▶ _Task brief_:
Only the lines from the beginning of the data below through the line that contains "else if 2*a - 1 \<ge> 2*b" should be repeated, exactly as written.

▶ _Data_:
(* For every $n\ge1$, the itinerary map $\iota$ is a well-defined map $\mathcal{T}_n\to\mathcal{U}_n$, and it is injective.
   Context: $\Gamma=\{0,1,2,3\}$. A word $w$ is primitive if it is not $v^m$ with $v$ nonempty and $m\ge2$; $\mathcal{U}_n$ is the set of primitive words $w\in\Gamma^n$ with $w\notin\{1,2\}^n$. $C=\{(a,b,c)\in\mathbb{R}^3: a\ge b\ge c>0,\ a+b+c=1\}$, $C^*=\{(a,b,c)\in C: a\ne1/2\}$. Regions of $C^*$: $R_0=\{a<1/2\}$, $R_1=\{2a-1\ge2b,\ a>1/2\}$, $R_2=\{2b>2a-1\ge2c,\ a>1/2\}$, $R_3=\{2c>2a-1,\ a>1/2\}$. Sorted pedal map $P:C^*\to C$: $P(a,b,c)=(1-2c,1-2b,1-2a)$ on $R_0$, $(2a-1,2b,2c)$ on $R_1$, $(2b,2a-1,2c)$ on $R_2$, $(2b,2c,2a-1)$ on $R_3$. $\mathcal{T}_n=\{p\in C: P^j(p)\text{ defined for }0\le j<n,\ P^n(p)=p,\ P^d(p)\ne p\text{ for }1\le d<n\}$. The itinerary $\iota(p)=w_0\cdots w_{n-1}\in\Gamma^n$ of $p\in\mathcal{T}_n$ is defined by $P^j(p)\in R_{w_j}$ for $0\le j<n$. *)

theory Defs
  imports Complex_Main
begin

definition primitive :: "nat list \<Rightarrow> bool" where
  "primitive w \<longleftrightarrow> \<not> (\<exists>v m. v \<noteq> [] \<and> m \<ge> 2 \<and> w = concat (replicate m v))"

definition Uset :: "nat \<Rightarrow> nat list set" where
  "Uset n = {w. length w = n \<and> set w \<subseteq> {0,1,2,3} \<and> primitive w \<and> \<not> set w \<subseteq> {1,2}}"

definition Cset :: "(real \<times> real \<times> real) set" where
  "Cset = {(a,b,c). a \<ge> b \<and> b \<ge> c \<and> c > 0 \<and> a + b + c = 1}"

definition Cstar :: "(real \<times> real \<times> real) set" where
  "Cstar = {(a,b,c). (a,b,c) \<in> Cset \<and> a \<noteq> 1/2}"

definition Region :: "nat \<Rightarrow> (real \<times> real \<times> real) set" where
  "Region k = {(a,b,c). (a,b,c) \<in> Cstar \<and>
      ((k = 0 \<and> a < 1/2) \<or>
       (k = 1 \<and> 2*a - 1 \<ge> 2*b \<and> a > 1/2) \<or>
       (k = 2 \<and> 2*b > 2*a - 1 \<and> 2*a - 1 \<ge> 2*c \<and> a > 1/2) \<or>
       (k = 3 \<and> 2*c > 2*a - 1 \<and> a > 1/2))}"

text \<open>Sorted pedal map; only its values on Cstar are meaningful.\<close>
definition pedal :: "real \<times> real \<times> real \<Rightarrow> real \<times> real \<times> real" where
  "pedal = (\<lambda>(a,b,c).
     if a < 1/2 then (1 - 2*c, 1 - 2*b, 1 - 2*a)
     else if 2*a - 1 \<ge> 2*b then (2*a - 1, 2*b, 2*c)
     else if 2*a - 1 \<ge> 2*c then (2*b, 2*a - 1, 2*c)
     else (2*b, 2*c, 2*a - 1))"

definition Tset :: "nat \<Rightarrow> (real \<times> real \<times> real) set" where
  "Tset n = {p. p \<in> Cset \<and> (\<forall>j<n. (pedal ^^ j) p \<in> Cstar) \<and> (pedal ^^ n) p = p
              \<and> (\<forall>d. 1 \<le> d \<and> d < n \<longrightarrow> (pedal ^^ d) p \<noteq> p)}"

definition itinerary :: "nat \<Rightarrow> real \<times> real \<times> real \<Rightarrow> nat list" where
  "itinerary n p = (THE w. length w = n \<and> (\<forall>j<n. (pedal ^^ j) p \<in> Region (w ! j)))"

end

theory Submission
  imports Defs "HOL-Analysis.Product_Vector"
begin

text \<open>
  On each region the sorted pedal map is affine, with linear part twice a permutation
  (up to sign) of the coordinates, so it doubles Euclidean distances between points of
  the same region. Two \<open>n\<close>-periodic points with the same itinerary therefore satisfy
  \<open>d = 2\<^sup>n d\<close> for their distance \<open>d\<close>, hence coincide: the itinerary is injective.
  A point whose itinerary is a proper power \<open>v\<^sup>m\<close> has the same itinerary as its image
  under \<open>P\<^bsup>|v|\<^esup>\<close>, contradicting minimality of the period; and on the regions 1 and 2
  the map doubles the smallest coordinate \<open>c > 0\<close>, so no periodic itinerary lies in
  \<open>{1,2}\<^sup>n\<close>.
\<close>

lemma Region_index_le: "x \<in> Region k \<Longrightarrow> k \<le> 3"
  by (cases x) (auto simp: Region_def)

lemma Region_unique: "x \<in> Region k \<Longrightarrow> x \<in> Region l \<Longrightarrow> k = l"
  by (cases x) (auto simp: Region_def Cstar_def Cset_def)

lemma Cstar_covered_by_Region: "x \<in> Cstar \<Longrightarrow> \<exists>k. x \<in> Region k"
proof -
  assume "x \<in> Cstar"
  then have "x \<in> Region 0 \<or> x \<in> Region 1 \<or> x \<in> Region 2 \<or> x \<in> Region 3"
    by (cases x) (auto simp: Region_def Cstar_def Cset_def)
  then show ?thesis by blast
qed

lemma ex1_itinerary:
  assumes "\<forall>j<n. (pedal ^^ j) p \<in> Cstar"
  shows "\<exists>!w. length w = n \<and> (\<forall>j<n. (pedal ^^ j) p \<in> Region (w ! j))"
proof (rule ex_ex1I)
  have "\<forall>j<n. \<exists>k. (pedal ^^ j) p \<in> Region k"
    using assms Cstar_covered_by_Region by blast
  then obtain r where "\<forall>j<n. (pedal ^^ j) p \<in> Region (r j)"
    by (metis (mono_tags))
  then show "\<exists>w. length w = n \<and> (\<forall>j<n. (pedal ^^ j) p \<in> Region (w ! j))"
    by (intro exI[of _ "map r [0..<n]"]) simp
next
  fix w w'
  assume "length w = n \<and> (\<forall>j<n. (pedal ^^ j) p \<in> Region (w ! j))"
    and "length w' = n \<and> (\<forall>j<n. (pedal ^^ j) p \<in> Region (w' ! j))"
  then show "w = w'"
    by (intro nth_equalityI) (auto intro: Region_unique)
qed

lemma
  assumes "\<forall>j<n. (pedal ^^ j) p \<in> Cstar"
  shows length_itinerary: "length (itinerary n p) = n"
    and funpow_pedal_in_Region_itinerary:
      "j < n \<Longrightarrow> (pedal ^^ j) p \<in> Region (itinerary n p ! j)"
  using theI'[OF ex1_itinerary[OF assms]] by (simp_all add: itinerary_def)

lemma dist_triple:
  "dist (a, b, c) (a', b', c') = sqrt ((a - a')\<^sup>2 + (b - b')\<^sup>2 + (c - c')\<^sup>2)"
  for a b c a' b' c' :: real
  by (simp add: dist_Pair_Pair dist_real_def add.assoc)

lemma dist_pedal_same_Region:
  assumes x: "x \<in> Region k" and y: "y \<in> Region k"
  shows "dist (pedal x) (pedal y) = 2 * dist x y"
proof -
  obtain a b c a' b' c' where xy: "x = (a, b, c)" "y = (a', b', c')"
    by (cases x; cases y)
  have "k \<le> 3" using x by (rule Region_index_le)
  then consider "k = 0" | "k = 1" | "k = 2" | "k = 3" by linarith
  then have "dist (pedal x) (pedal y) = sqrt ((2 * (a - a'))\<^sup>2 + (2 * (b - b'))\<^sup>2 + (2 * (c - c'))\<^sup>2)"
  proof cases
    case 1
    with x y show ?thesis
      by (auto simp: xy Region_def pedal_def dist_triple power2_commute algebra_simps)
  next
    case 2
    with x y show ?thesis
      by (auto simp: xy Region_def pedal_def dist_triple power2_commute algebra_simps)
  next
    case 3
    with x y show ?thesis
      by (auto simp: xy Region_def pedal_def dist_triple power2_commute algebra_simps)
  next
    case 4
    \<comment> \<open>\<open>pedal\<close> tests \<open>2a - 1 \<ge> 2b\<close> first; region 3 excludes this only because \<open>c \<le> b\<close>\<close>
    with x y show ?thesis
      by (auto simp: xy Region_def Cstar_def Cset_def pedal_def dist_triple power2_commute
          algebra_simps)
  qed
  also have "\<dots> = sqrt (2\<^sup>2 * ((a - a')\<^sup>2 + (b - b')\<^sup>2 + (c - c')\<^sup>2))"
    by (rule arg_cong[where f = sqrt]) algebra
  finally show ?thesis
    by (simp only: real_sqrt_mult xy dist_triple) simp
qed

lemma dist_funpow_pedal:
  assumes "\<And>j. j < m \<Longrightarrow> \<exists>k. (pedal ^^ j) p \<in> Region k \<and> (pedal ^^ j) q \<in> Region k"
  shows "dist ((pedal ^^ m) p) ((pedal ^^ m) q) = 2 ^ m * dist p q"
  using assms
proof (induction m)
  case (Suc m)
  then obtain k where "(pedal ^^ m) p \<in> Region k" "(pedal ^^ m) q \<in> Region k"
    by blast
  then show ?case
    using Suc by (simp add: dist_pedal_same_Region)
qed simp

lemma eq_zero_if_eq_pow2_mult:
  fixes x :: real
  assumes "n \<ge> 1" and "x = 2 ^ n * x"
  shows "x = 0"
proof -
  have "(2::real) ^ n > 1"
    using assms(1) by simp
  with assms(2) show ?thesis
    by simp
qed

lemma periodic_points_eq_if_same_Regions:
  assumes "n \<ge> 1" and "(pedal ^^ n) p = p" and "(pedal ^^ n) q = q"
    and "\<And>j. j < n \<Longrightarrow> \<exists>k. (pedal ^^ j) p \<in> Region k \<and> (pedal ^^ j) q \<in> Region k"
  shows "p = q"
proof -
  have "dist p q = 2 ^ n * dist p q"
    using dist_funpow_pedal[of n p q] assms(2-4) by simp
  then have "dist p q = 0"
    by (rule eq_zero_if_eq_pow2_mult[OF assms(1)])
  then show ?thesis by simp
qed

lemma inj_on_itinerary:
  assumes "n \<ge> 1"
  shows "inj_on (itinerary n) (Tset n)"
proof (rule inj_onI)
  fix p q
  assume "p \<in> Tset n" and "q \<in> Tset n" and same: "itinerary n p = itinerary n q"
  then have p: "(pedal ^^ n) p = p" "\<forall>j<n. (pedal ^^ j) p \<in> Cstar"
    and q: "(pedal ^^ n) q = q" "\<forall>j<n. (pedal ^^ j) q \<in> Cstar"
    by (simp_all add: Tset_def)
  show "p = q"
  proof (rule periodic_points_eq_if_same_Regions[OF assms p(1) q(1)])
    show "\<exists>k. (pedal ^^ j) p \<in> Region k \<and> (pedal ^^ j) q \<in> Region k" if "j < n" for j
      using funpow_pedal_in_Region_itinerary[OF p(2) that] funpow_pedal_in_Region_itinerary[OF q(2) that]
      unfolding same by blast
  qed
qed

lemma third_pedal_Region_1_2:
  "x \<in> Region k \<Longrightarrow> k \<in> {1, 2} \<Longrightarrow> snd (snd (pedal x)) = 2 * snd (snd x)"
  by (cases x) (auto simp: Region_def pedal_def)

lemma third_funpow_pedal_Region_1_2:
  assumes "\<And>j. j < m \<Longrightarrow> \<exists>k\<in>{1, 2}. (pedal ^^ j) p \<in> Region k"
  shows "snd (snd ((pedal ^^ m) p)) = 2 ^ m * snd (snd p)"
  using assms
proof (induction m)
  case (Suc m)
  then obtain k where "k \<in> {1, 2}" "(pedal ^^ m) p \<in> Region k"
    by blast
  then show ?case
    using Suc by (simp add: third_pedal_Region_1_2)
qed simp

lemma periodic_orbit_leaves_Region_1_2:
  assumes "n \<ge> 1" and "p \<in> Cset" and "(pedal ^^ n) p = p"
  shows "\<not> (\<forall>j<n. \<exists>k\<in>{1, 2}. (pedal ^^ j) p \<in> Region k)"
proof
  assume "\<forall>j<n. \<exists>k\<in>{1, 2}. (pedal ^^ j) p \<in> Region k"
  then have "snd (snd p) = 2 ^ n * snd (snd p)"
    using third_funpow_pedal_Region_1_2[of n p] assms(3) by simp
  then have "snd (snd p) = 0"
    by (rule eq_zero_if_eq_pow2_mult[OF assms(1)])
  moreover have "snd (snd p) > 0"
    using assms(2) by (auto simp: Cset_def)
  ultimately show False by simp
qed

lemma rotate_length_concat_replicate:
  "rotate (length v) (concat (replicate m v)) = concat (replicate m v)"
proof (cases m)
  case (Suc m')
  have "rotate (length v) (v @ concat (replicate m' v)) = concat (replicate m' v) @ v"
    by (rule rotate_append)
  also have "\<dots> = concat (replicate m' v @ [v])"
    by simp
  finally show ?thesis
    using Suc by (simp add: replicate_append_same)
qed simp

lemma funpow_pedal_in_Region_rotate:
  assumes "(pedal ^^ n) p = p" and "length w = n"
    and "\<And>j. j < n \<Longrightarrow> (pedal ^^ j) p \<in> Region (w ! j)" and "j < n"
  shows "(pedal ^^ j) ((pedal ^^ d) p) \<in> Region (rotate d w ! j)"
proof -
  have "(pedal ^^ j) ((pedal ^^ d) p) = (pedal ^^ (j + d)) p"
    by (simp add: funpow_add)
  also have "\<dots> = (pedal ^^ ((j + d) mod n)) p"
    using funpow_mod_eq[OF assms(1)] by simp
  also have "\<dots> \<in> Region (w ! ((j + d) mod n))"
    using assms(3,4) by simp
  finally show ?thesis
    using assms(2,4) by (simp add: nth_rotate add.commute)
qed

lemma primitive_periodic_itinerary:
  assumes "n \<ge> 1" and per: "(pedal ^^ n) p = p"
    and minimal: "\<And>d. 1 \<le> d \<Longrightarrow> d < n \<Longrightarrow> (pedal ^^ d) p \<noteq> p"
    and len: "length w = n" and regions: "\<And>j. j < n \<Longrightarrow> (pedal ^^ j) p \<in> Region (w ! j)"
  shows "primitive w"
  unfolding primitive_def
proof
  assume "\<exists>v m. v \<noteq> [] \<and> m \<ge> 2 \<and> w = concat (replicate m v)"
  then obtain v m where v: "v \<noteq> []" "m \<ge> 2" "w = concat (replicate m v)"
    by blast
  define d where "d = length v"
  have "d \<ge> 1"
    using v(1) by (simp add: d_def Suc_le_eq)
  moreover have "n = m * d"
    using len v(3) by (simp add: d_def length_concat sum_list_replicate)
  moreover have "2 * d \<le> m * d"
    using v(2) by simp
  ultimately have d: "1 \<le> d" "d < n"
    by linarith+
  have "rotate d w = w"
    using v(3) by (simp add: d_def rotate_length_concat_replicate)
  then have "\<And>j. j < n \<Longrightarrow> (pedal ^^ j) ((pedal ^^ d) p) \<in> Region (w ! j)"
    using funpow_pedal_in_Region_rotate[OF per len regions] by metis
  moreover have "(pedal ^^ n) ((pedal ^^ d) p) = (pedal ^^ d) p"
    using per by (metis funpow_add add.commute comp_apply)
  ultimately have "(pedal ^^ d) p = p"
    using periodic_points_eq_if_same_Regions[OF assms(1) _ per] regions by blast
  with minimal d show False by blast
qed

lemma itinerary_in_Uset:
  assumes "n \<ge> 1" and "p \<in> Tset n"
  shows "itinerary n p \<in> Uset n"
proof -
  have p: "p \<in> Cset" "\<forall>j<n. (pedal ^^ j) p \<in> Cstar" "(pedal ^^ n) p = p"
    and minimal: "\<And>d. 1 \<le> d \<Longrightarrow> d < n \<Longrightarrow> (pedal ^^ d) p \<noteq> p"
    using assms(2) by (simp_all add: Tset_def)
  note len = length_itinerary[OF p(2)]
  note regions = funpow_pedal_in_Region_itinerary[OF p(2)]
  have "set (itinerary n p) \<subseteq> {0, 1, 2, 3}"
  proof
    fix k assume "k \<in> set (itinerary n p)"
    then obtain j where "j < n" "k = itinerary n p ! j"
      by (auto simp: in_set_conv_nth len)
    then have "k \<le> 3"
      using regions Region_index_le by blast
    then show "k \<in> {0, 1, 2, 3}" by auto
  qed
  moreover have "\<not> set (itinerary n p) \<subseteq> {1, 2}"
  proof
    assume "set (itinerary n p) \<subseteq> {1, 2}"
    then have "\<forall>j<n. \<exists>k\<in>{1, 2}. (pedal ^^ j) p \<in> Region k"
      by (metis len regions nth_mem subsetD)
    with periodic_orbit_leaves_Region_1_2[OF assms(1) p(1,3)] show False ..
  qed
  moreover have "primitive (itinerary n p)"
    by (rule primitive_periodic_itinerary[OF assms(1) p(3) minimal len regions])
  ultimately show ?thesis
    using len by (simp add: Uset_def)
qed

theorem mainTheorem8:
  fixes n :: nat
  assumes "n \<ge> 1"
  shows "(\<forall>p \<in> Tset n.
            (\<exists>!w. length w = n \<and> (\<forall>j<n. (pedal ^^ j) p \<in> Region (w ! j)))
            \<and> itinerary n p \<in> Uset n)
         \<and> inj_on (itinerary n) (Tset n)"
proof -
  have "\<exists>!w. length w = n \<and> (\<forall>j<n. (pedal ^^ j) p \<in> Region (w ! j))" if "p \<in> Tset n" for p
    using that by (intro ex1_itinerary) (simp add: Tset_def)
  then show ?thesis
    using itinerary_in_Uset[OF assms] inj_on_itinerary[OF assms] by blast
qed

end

▶ _Solution to this exercise_:
(* For every $n\ge1$, the itinerary map $\iota$ is a well-defined map $\mathcal{T}_n\to\mathcal{U}_n$, and it is injective.
   Context: $\Gamma=\{0,1,2,3\}$. A word $w$ is primitive if it is not $v^m$ with $v$ nonempty and $m\ge2$; $\mathcal{U}_n$ is the set of primitive words $w\in\Gamma^n$ with $w\notin\{1,2\}^n$. $C=\{(a,b,c)\in\mathbb{R}^3: a\ge b\ge c>0,\ a+b+c=1\}$, $C^*=\{(a,b,c)\in C: a\ne1/2\}$. Regions of $C^*$: $R_0=\{a<1/2\}$, $R_1=\{2a-1\ge2b,\ a>1/2\}$, $R_2=\{2b>2a-1\ge2c,\ a>1/2\}$, $R_3=\{2c>2a-1,\ a>1/2\}$. Sorted pedal map $P:C^*\to C$: $P(a,b,c)=(1-2c,1-2b,1-2a)$ on $R_0$, $(2a-1,2b,2c)$ on $R_1$, $(2b,2a-1,2c)$ on $R_2$, $(2b,2c,2a-1)$ on $R_3$. $\mathcal{T}_n=\{p\in C: P^j(p)\text{ defined for }0\le j<n,\ P^n(p)=p,\ P^d(p)\ne p\text{ for }1\le d<n\}$. The itinerary $\iota(p)=w_0\cdots w_{n-1}\in\Gamma^n$ of $p\in\mathcal{T}_n$ is defined by $P^j(p)\in R_{w_j}$ for $0\le j<n$. *)

theory Defs
  imports Complex_Main
begin

definition primitive :: "nat list \<Rightarrow> bool" where
  "primitive w \<longleftrightarrow> \<not> (\<exists>v m. v \<noteq> [] \<and> m \<ge> 2 \<and> w = concat (replicate m v))"

definition Uset :: "nat \<Rightarrow> nat list set" where
  "Uset n = {w. length w = n \<and> set w \<subseteq> {0,1,2,3} \<and> primitive w \<and> \<not> set w \<subseteq> {1,2}}"

definition Cset :: "(real \<times> real \<times> real) set" where
  "Cset = {(a,b,c). a \<ge> b \<and> b \<ge> c \<and> c > 0 \<and> a + b + c = 1}"

definition Cstar :: "(real \<times> real \<times> real) set" where
  "Cstar = {(a,b,c). (a,b,c) \<in> Cset \<and> a \<noteq> 1/2}"

definition Region :: "nat \<Rightarrow> (real \<times> real \<times> real) set" where
  "Region k = {(a,b,c). (a,b,c) \<in> Cstar \<and>
      ((k = 0 \<and> a < 1/2) \<or>
       (k = 1 \<and> 2*a - 1 \<ge> 2*b \<and> a > 1/2) \<or>
       (k = 2 \<and> 2*b > 2*a - 1 \<and> 2*a - 1 \<ge> 2*c \<and> a > 1/2) \<or>
       (k = 3 \<and> 2*c > 2*a - 1 \<and> a > 1/2))}"

text \<open>Sorted pedal map; only its values on Cstar are meaningful.\<close>
definition pedal :: "real \<times> real \<times> real \<Rightarrow> real \<times> real \<times> real" where
  "pedal = (\<lambda>(a,b,c).
     if a < 1/2 then (1 - 2*c, 1 - 2*b, 1 - 2*a)
     else if 2*a - 1 \<ge> 2*b then (2*a - 1, 2*b, 2*c)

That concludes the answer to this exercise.